* Exercise data:
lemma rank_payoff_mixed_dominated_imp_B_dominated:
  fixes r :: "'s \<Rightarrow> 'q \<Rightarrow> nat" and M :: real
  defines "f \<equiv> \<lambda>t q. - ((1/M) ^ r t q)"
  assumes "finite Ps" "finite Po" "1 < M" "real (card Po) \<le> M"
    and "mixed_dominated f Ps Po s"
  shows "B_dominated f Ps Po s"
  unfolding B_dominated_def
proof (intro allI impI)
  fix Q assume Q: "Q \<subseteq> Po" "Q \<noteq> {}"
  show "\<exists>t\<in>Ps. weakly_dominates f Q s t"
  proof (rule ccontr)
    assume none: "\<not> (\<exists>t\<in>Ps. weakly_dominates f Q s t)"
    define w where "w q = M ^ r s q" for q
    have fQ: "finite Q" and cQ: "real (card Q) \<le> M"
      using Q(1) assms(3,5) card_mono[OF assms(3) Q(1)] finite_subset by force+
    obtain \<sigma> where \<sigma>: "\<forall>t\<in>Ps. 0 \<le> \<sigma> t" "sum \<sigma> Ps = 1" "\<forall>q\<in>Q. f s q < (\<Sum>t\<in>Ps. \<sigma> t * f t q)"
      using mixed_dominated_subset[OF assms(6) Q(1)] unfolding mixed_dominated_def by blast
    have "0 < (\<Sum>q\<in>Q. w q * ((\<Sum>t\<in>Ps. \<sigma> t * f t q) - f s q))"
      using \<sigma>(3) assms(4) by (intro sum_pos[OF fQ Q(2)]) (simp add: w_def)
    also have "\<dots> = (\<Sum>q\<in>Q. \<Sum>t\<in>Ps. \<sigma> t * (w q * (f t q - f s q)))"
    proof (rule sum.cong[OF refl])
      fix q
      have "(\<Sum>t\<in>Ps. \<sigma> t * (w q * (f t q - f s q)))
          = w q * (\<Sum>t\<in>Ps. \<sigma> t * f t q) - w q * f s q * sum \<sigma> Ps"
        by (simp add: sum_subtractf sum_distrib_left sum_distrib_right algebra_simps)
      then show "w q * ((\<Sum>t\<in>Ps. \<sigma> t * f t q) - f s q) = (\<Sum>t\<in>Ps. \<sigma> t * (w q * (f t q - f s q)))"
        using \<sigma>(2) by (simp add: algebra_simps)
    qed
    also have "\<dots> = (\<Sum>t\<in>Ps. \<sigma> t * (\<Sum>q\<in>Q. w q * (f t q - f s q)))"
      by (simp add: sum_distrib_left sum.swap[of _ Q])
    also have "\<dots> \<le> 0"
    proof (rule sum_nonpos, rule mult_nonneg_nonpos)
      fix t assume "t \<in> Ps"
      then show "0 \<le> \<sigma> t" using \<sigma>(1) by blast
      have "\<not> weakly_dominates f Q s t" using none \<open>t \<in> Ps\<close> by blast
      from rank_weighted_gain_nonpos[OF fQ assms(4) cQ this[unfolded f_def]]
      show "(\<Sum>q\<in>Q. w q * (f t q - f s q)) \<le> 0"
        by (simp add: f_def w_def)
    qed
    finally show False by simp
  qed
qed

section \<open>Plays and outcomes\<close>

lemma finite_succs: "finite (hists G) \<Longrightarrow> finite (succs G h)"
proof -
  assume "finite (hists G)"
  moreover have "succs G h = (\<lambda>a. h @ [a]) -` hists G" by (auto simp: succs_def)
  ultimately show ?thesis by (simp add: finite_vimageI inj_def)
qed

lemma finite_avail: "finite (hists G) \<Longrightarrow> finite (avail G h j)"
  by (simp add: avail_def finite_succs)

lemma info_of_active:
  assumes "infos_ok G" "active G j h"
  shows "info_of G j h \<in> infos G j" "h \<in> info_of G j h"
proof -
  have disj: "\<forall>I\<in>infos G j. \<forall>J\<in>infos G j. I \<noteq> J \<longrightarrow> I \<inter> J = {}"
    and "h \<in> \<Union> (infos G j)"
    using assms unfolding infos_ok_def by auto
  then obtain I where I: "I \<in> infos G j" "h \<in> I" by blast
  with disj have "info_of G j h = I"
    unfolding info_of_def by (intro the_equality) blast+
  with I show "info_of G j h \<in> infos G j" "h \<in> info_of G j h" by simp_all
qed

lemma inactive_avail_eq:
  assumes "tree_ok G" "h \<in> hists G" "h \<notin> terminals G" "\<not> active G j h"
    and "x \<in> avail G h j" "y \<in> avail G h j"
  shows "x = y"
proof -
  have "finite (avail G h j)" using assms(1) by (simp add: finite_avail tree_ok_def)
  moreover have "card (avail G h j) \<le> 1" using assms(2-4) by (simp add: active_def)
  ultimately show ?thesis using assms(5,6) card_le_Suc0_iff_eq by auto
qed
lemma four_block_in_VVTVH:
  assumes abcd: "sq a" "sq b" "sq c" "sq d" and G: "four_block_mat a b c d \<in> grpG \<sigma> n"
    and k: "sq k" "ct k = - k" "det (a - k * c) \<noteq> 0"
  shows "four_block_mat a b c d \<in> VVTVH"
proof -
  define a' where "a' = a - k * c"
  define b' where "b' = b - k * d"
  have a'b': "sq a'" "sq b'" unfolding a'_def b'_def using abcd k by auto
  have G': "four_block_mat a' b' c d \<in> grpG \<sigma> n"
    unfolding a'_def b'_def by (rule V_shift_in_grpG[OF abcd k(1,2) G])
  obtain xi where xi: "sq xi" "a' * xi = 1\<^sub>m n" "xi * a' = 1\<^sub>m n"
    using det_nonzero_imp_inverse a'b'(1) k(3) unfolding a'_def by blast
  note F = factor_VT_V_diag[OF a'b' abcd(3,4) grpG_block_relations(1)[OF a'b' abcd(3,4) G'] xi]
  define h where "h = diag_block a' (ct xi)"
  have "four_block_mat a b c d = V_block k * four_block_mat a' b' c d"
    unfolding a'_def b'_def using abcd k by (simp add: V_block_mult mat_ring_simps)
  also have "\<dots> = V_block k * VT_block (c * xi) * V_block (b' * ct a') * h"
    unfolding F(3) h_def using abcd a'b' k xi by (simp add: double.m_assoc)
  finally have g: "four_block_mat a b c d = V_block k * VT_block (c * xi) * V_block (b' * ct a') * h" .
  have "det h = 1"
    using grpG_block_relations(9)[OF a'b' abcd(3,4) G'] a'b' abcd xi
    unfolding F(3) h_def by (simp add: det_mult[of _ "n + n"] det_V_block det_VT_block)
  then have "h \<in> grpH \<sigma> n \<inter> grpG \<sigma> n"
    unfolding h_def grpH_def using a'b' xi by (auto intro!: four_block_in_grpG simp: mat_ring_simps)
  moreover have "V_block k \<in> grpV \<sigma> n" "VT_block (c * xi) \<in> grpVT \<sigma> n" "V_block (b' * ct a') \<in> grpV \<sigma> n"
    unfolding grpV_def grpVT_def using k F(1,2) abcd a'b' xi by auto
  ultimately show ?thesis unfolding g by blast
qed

* Problem to solve: A count is all that should be returned: the number of lines in these records containing the string "disj".

* Expected answer: 2